Studio album by Thee Oh Sees
- Released: August 12, 2016
- Genre: Garage rock, psychedelic rock
- Length: 39:30
- Label: Castle Face Records

Thee Oh Sees chronology
| Live in San Francisco (2015) | A Weird Exits (2016) | An Odd Entrances (2016) |

= A Weird Exits =

A Weird Exits is the seventeenth studio album by American garage rock band Thee Oh Sees, released on August 12, 2016, on Castle Face Records. It is the first studio album to feature drummers Ryan Moutinho and Dan Rincon, who joined the band in 2015 to tour in support of the band's previous album, Mutilator Defeated at Last.

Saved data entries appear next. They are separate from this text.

lemma connected_order_ideal_ex_partner_outside:
  assumes fin: "finite A" and po: "is_poset A R" and J: "connected_order_ideal A R J"
    and M: "M \<noteq> {}" "\<And>m. m \<in> M \<Longrightarrow> maximal_in J R m"
    and ne: "J \<noteq> (\<Union>m\<in>M. lower_set A R m)"
  shows "\<exists>m\<in>M. \<exists>m'. maximal_in J R m' \<and> m' \<notin> M \<and> partners A R m m'"
proof -
  let ?L = "\<Union>m\<in>M. lower_set A R m"
  have JA: "J \<subseteq> A" and low: "\<And>y x. y \<in> J \<Longrightarrow> x \<in> A \<Longrightarrow> R x y \<Longrightarrow> x \<in> J"
    and conn: "\<And>x y. x \<in> J \<Longrightarrow> y \<in> J \<Longrightarrow> (x, y) \<in> (hasse_edges J R)\<^sup>*"
    using J unfolding connected_order_ideal_def order_ideal_def by blast+
  have "?L \<subseteq> J"
    using M(2) low unfolding lower_set_def by blast
  then obtain y where y: "y \<in> J" "y \<notin> ?L"
    using ne by blast
  obtain x where x: "x \<in> J" "x \<in> ?L"
    using M JA lower_set_self[OF po] by blast
  obtain p q where pq: "(p, q) \<in> hasse_edges J R" "p \<in> ?L" "q \<notin> ?L"
    using rtrancl_exits_set[OF conn[OF x(1) y(1)] x(2) y(2)] by blast
  have pqJ: "q \<in> J" "R p q \<or> R q p" and qA: "q \<in> A"
    using pq(1) JA unfolding hasse_edges_def covers_def by auto
  obtain m where m: "m \<in> M" "p \<in> A" "R p m"
    using pq(2) unfolding lower_set_def by blast
  have mJ: "maximal_in J R m" and mA: "m \<in> A"
    using M(2)[OF m(1)] JA by blast+
  have "R p q"
  proof (rule ccontr)
    assume "\<not> R p q"
    then have "R q m"
      using pqJ(2) m(3) is_poset_trans[OF po qA m(2) mA] by blast
    then show False
      using pq(3) m(1) qA unfolding lower_set_def by blast
  qed
  obtain m' where m': "maximal_in J R m'" "R q m'"
    using ex_maximal_above[OF finite_subset[OF JA fin] po JA pqJ(1)] by blast
  have m'A: "m' \<in> A"
    using m' JA by blast
  have "m' \<notin> ?L"
  proof
    assume "m' \<in> ?L"
    then obtain n where "n \<in> M" "R m' n"
      unfolding lower_set_def by blast
    moreover have "n \<in> A"
      using M(2)[OF \<open>n \<in> M\<close>] JA by blast
    ultimately have "q \<in> ?L"
      using m'(2) qA is_poset_trans[OF po qA m'A] unfolding lower_set_def by blast
    then show False
      using pq(3) by blast
  qed
  moreover have "M \<subseteq> ?L"
    using M(2) JA lower_set_self[OF po] by blast
  ultimately have "m' \<notin> M" "m' \<noteq> m"
    using m(1) by blast+
  moreover have "R p m'"
    using is_poset_trans[OF po m(2) qA m'A] \<open>R p q\<close> m'(2) by blast
  moreover have "\<not> R m m'" "\<not> R m' m"
    using mJ m'(1) \<open>m' \<noteq> m\<close> by blast+
  ultimately show ?thesis
    using m m'(1) unfolding partners_def by blast
qed

lemma connected_order_ideal_cases:
  assumes fin: "finite A" and po: "is_poset A R" and unique: "unique_partners A R"
    and J: "connected_order_ideal A R J"
  obtains m where "m \<in> A" "J = lower_set A R m"
  | m1 m2 where "m1 \<in> A" "m2 \<in> A" "partners A R m1 m2"
      "J = lower_set A R m1 \<union> lower_set A R m2"
proof -
  note outside = connected_order_ideal_ex_partner_outside[OF fin po J]
  have JA: "J \<subseteq> A" and "J \<noteq> {}"
    using J unfolding connected_order_ideal_def order_ideal_def by auto
  then obtain m where m: "maximal_in J R m"
    using ex_maximal_above[OF finite_subset[OF JA fin] po JA] by blast
  show thesis
  proof (cases "J = lower_set A R m")
    case True
    then show thesis
      using that(1) m JA by blast
  next
    case False
    then obtain m' where m': "maximal_in J R m'" "m' \<noteq> m" "partners A R m m'"
      using outside[where M = "{m}"] m by auto
    show thesis
    proof (cases "J = lower_set A R m \<union> lower_set A R m'")
      case True
      then show thesis
        using that(2) m m' JA by blast
    next
      case False
      then have "\<exists>n\<in>{m, m'}. \<exists>m''. maximal_in J R m'' \<and> m'' \<notin> {m, m'} \<and> partners A R n m''"
        using m m' by (intro outside) auto
      then obtain m'' where m'': "maximal_in J R m''" "m'' \<noteq> m" "m'' \<noteq> m'"
        and "partners A R m m'' \<or> partners A R m' m''"
        by blast
      moreover have "partners A R m' m"
        using partners_sym[OF m'(3)] .
      ultimately show thesis
        using unique_partnersD[OF unique] m m' m'' JA by blast
    qed
  qed
qed

lemma partner_pair_below_if_common_lower_bound:
  assumes po: "is_poset A R" and unique: "unique_partners A R"
    and xy: "x \<in> A" "y \<in> A" "partners A R x y"
    and u: "u \<in> A" "u \<notin> lower_set A R x \<union> lower_set A R y"
    and w: "w \<in> A" "R w u" "R w x"
  shows "R x u \<and> R y u"
proof -
  have le: "R x' u"
    if "x' \<in> A" "y' \<in> A" "partners A R x' y'" "u \<notin> lower_set A R x' \<union> lower_set A R y'"
      "w' \<in> A" "R w' u" "R w' x'" for x' y' w'
  proof (rule ccontr)
    assume "\<not> R x' u"
    then have "partners A R x' u"
      using that u(1) unfolding partners_def lower_set_def by blast
    then have "u = y'"
      using unique_partnersD[OF unique] that u(1) by blast
    then show False
      using that lower_set_self[OF po] by blast
  qed
  have "R x u"
    using le[OF xy u(2) w] .
  moreover obtain z where z: "z \<in> A" "R z x" "R z y"
    using xy(3) unfolding partners_def by blast
  moreover have "R y u"
    using le[OF xy(2,1) partners_sym[OF xy(3)], of z] u z \<open>R x u\<close> is_poset_trans[OF po z(1) xy(1) u(1)]
    by blast
  ultimately show ?thesis
    by blast
qed

lemma partner_pair_ideal_disjoint_or_nested:
  assumes po: "is_poset A R" and unique: "unique_partners A R"
    and xy: "x \<in> A" "y \<in> A" "partners A R x y" and u: "u \<in> A"
  defines "P \<equiv> lower_set A R x \<union> lower_set A R y"
  shows "lower_set A R u \<inter> P = {} \<or> lower_set A R u \<subseteq> P \<or> P \<subseteq> lower_set A R u"
proof (cases "u \<in> P")
  case True
  then show ?thesis
    using lower_set_mono[OF po] xy unfolding P_def by blast
next
  case False
  have "P \<subseteq> lower_set A R u" if "w \<in> lower_set A R u \<inter> P" for w
  proof -
    have w: "w \<in> A" "R w u" "R w x \<or> R w y"
      using that unfolding P_def lower_set_def by auto
    have "R x u \<and> R y u"
      using w partner_pair_below_if_common_lower_bound[OF po unique xy u] False
        partner_pair_below_if_common_lower_bound[OF po unique xy(2,1) partners_sym[OF xy(3)] u]
      unfolding P_def by blast
    then show ?thesis
      using lower_set_subset_iff[OF po] xy u unfolding P_def by blast
  qed
  then show ?thesis
    by blast
qed

lemma partner_pair_ideal_isolated:
  assumes fin: "finite A" and po: "is_poset A R" and unique: "unique_partners A R"
    and xy: "x \<in> A" "y \<in> A" "partners A R x y" and K: "connected_order_ideal A R K"
  shows "\<not> intersect_nontrivially (lower_set A R x \<union> lower_set A R y) K"
  using connected_order_ideal_cases[OF fin po unique K]
proof cases
  case (1 u)
  then show ?thesis
    using partner_pair_ideal_disjoint_or_nested[OF po unique xy] unfolding intersect_nontrivially_def by blast
next
  case (2 u v)
  obtain w where "w \<in> lower_set A R u" "w \<in> lower_set A R v"
    using 2 unfolding partners_def lower_set_def by blast
  then show ?thesis
    using 2 partner_pair_ideal_disjoint_or_nested[OF po unique xy, of u]
      partner_pair_ideal_disjoint_or_nested[OF po unique xy, of v]
    unfolding intersect_nontrivially_def by blast
qed

lemma gamma_degree_le_1_if_unique_partners:
  assumes fin: "finite A" and po: "is_poset A R" and unique: "unique_partners A R"
    and J: "connected_order_ideal A R J"
  shows "gamma_degree A R J \<le> 1"
proof -
  let ?N = "{K. connected_order_ideal A R K \<and> intersect_nontrivially J K}"
  have "K1 = K2" if "K1 \<in> ?N" "K2 \<in> ?N" for K1 K2
    using connected_order_ideal_cases[OF fin po unique J]
  proof cases
    case (1 x)
    have neighbour: "\<exists>u\<in>A. partners A R x u \<and> K = lower_set A R u" if "K \<in> ?N" for K
    proof -
      have K: "connected_order_ideal A R K" "intersect_nontrivially K J"
        using that intersect_nontrivially_sym by blast+
      show ?thesis
        using connected_order_ideal_cases[OF fin po unique K(1)]
      proof cases
        case (1 u)
        then show ?thesis
          using K(2) \<open>x \<in> A\<close> \<open>J = lower_set A R x\<close> intersect_nontrivially_lower_sets_iff[OF po]
            partners_sym by metis
      next
        case (2 u v)
        then show ?thesis
          using K(2) partner_pair_ideal_isolated[OF fin po unique] J by blast
      qed
    qed
    then show ?thesis
      using that unique_partnersD[OF unique \<open>x \<in> A\<close>] by metis
  next
    case (2 x y)
    then show ?thesis
      using that partner_pair_ideal_isolated[OF fin po unique] by blast
  qed
  then show ?thesis
    using card_le_Suc0_iff_eq[OF finite_gamma_neighbours[OF fin]] unfolding gamma_degree_def by auto
qed

lemma dup_rel_simps:
  assumes "A \<inter> B = {}" "a' \<notin> A" "a' \<notin> B"
  shows "u \<in> A \<Longrightarrow> v \<in> A \<Longrightarrow> dup_rel A R a B S a' u v \<longleftrightarrow> R u v"
    and "u \<in> B \<Longrightarrow> v \<in> B \<Longrightarrow> dup_rel A R a B S a' u v \<longleftrightarrow> S u v"
    and "u \<in> B \<Longrightarrow> v \<in> A \<Longrightarrow> dup_rel A R a B S a' u v \<longleftrightarrow> R a v"
    and "u \<in> A \<Longrightarrow> v \<in> B \<Longrightarrow> \<not> dup_rel A R a B S a' u v"
    and "u \<in> A \<Longrightarrow> \<not> dup_rel A R a B S a' u a'"
    and "u \<in> B \<Longrightarrow> dup_rel A R a B S a' u a'"
    and "u \<in> B \<Longrightarrow> \<not> dup_rel A R a B S a' a' u"
    and "u \<in> A \<Longrightarrow> dup_rel A R a B S a' a' u \<longleftrightarrow> u \<noteq> a \<and> R a u"
    and "dup_rel A R a B S a' a' a'"
  using assms unfolding dup_rel_def hang_rel_def disj_union_rel_def by auto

A Weird Exits was the first of two studio albums released by Thee Oh Sees in 2016, with a companion album, entitled An Odd Entrances, released on November 18, 2016.

==Background and recording==
During breaks from the band's extensive tour in support of Mutilator Defeated at Last, the band would jam new song ideas at rehearsals, with vocalist and guitarist John Dwyer recording the ideas onto a cassette to listen to and choose his favourite ideas.

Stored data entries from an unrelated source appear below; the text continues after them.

lemma SS_sizes_move_unit_le:
  assumes "h \<in> SS_sizes n m v" "i < n" "k < n" "move_unit h i k \<in> max_usw_sizes n m v"
  shows "h i \<le> h k + 1"
proof (rule ccontr)
  assume "\<not> ?thesis"
  obtain X where X: "X \<in> SS n m v" "h = bundle_sizes X"
    using assms(1) unfolding SS_sizes_def by blast
  obtain W where W: "clean_max_usw n m v W" "bundle_sizes W = move_unit h i k"
    using assms(4) unfolding max_usw_sizes_def by (metis imageE mem_Collect_eq)
  let ?p = "profile n X" and ?q = "profile n W"
  have q: "int (?q ! a) = int (?p ! a) - of_bool (a = i) + of_bool (a = k)" if "a < n" for a
    using profile_move_unit W(2)[unfolded X(2)] that by blast
  have gap: "?p ! k + 2 \<le> ?p ! i"
    using \<open>\<not> h i \<le> h k + 1\<close> X(2) assms(2,3) by (simp add: profile_nth bundle_sizes_def)
  then have "i \<noteq> k"
    by auto
  have "?q ! k = ?p ! k + 1"
    using q[OF assms(3)] \<open>i \<noteq> k\<close> by simp
  moreover have "?q ! i = ?p ! i - 1"
    using q[OF assms(2)] \<open>i \<noteq> k\<close> gap by simp
  moreover have "\<forall>a<n. a \<noteq> k \<and> a \<noteq> i \<longrightarrow> ?q ! a = ?p ! a"
    using q by fastforce
  ultimately have "pow_sum 2 ?q < pow_sum 2 ?p"
    using strongly_PD_pow_sum[OF order_refl, of n, unfolded strongly_PD_def, rule_format, of ?p ?q k i]
      gap assms(2,3) by (simp add: length_profile)
  moreover have "pow_sum 2 ?p \<le> pow_sum 2 ?q"
    using SS_minimal[OF X(1) symmetric_crit_pow_sum strongly_PD_pow_sum W(1)] by simp
  ultimately show False
    by simp
qed

lemma SS_sizes_move_unit_swap:
  assumes "h \<in> SS_sizes n m v" "i < n" "k < n" "move_unit h i k \<in> max_usw_sizes n m v"
    and "h i = h k + 1"
  shows "move_unit h i k \<in> SS_sizes n m v"
proof -
  obtain X where X: "X \<in> SS n m v" "h = bundle_sizes X"
    using assms(1) unfolding SS_sizes_def by blast
  obtain W where W: "clean_max_usw n m v W" "bundle_sizes W = move_unit h i k"
    using assms(4) unfolding max_usw_sizes_def by (metis imageE mem_Collect_eq)
  let ?p = "profile n X" and ?q = "profile n W"
  have "?q = ?p[k := ?p ! i, i := ?p ! k]"
  proof (rule nth_equalityI)
    fix a assume "a < length ?q"
    then have "a < n"
      by (simp add: length_profile)
    then have "int (?q ! a) = int (?p[k := ?p ! i, i := ?p ! k] ! a)"
      using profile_move_unit[OF W(2)[unfolded X(2)]] assms(2,3,5) X(2)
      by (auto simp: nth_list_update length_profile profile_nth bundle_sizes_def)
    then show "?q ! a = ?p[k := ?p ! i, i := ?p ! k] ! a"
      by simp
  qed (simp add: length_profile)
  then have "mset ?q = mset ?p"
    using mset_swap[of i ?p k] assms(2,3) by (simp add: length_profile)
  then have "W \<in> SS n m v"
    by (rule SS_if_mset_profile_eq[OF X(1) W(1)])
  then show ?thesis
    using W(2) unfolding SS_sizes_def by (metis image_eqI)
qed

The album and its companion, An Odd Entrances, was mostly recorded as a live band with the band's regular engineer and collaborator Chris Woodhouse. Regarding the recording process drummer Ryan Moutinho noted, "We recorded all of that in three days. Actually... I'm going to say four, but I really think it was three. I was really sick. I had a one-hundred-and-twenty degree fever and was vomiting. I recorded the whole record in a hoody, with the hood up. We went in there, did that, and then me, Tim [Hellman] and Dan [Rincon] all went home, and John stayed and finished it."

==Release==
The album had two special vinyl editions made: the "Murky Web" edition, limited to 1700 copies, and the "Bloodshot Eyeball" edition, limited to 300 copies. A third was released in the UK, simply titled "Green".

===Critical reception===

A Weird Exits received widespread acclaim from music critics. At Metacritic, which assigns a normalized rating out of 100 to reviews from mainstream critics, the album received an average score of 82 based on 19 reviews, indicating "universal acclaim".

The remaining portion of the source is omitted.